Paulo Martins of Salem says he was sitting in his second grade classroom in Caldas da Rainha, Portugal, on April 25, 1974, when soldiers marched past the school and he was sent home along with his classmates.

Late that night, a radio broadcaster confirmed there was revolution in Lisbon to overturn the country's authoritarian Estado Novo regime.

Martin's says he'll never forget that time when the military joined the populace to overturn Europe's longest-running dictatorship.

“[They] were trying to defend the people, the population,'' he said about the military. “There was no freedom of speech before, basically no education ... the women cannot have say at all.”

On Thursday, Martins joined others across the state to celebrate the the 50th anniversary of the revolution, known as the Carnation Revolution because soldiers put flowers in the barrels of their rifles to show they meant no harm. Events included receptions and talks at places including the New Bedford Whaling Museum, Harvard University and — where Martins was — at the Saab Center for Portuguese Studies at the University of Massachusetts in Lowell.

Massachusetts has about 270,000 people with Portuguese descent, the second largest such population in the United States, according to the 2020 Decennial Census. In New Bedford alone, over 31,000 — almost a third of the population — identified as Portuguese in the 2021 American Community Survey.

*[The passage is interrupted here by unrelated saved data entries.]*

(* Let $G$ be a connected finite simple graph with vertex set $[n]$. Then the connected subgraph arrangement $\mathcal{A}_G$ in $\mathbb{Q}^n$ is projectively unique: for every hyperplane arrangement $\mathcal{C}$ in $\mathbb{Q}^n$ whose intersection lattice $L(\mathcal{C})$ is isomorphic as a poset to $L(\mathcal{A}_G)$, there exists $\varphi\in \mathrm{GL}(\mathbb{Q}^n)$ with $\mathcal{C}=\{\varphi(H)\mid H\in\mathcal{A}_G\}$.
   Context: Let $G=(N,E)$ be a finite simple graph with vertex set $N=[n]=\{1,\dots,n\}$. For $\varnothing\neq I\subseteq N$, $G[I]$ denotes the induced subgraph on $I$, and $H_I:=\ker\big(\sum_{i\in I}x_i\big)$, where $x_1,\dots,x_n$ are the coordinate functions on $\mathbb{K}^n$ for a field $\mathbb{K}$. The connected subgraph arrangement is $\mathcal{A}_G(\mathbb{K}):=\{H_I\mid \varnothing\neq I\subseteq N,\ G[I]\text{ connected}\}$, a central hyperplane arrangement in $\mathbb{K}^n$; $\mathcal{A}_G:=\mathcal{A}_G(\mathbb{Q})$. The intersection lattice $L(\mathcal{A})$ of an arrangement is the set of all intersections of subsets of $\mathcal{A}$ (including $V$ itself), ordered by reverse inclusion. *)

theory Defs
  imports Main "HOL.Rat"
begin

text \<open>Vertices of the graph are the elements of a finite type 'n (playing the role of [n]);
  vectors of Q^n are functions 'n \<Rightarrow> rat.\<close>

definition simple_graph :: "('n \<Rightarrow> 'n \<Rightarrow> bool) \<Rightarrow> bool" where
  "simple_graph E \<longleftrightarrow> (\<forall>u v. E u v \<longrightarrow> E v u) \<and> (\<forall>v. \<not> E v v)"

definition graph_connected :: "('n \<Rightarrow> 'n \<Rightarrow> bool) \<Rightarrow> bool" where
  "graph_connected E \<longleftrightarrow> (\<forall>u v. E\<^sup>*\<^sup>* u v)"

“The military stood up against the dictator and helped bring democracy and liberty to people by not fighting the people, but standing with the people.”
Paulo Pinto, chief executive of the Massachusetts Alliance of Portuguese Speakers

The Carnation Revolution launched a new Constitution, improved women's rights, and established civil liberties that had long been barred under the authoritarian regime that was launched in the early 1930s. It ended Portuguese colonialism in Mozambique, Angola, Cape Verde and other areas.

A soldier holds a gun upright, a carnation blocking the barrel, as he stands close to a crowd of citizens.
FILE - A Portuguese soldier with a carnation in his machine gun barrel talks to a crowd in Lisbon, Portugal, on April 28, 1974.
STR AP

Daniela Melo, a lecturer at Boston University who lives in New Bedford, said the revolution stands out as one that was mostly nonviolent and bloodless, a coup carried out by army officers who sought democracy.

Melo said before the revolution, one in four Portuguese could not read or write; there were issues with child labor, access to health care, lack of infrastructure, and significant poverty. She said the Portuguese diaspora that already existed in Massachusetts became politicized and active — talking about the future with members of political parties forming in Portugal.

“It became a very powerful image, the pictures of the soldiers who helped carry the coup that brought down the regime,” she said. “They became this powerful symbol of wanting to democratize, wanting to bring change, and wanting to avoid bloodshed as much as possible in that process.”

In Cambridge, staff at the Massachusetts Alliance of Portuguese Speakers, a social services organization, held a luncheon Thursday for seniors where staff passed out carnations and attendees sang songs about freedom.

Paulo Pinto, chief executive of the alliance, said he was 8 years old when his family arrived in Portugal from Mozambique and the revolution started. He said the anniversary is a “special day” for many at the event, who were in Portugal at that time. “Democracy is worth fighting for,” he said. “But it is very fragile.”

Pinto reflected that with so much war and death in the world today, what happened in Portugal was remarkable.

“The military stood up against the dictator and helped bring democracy and liberty to people by not fighting the people, but standing with the people,” he said.

State Rep. Antonio Cabral, a New Bedford Democrat, told GBH News that his family was already in the United States when the revolution took place. His said his parents immigrated because there was no economic opportunity under the dictatorship. At the time, he said, the Azores in Portugal didn’t have television. Democracy created modernization and debate, he said.

“There was really no liberty, no place to go,” he said. “Everyone was happy when it happened, particularly my dad.”

Anthony James Carreiro, who grew up in New Bedford, says he learned the history from school and from the local community. He remembers going to grade school with the children of refugees from Mozambique, who arrived because of the Carnation Revolution ending colonization.

“There was a lot of political upheaval in the whole globe at that point, so the conditions were right for our country to have a peaceful revolution,” he said. ”Even though so many revolutions in history involve such death and civil war.”

Now Martins is an organizer with the Boston Portuguese Festival that happens on Sunday, June 16. But he still considers April 25 a very special day to celebrate. “It’s so important nowadays to keep an eye on democracy that the way we know it and not take it for granted.”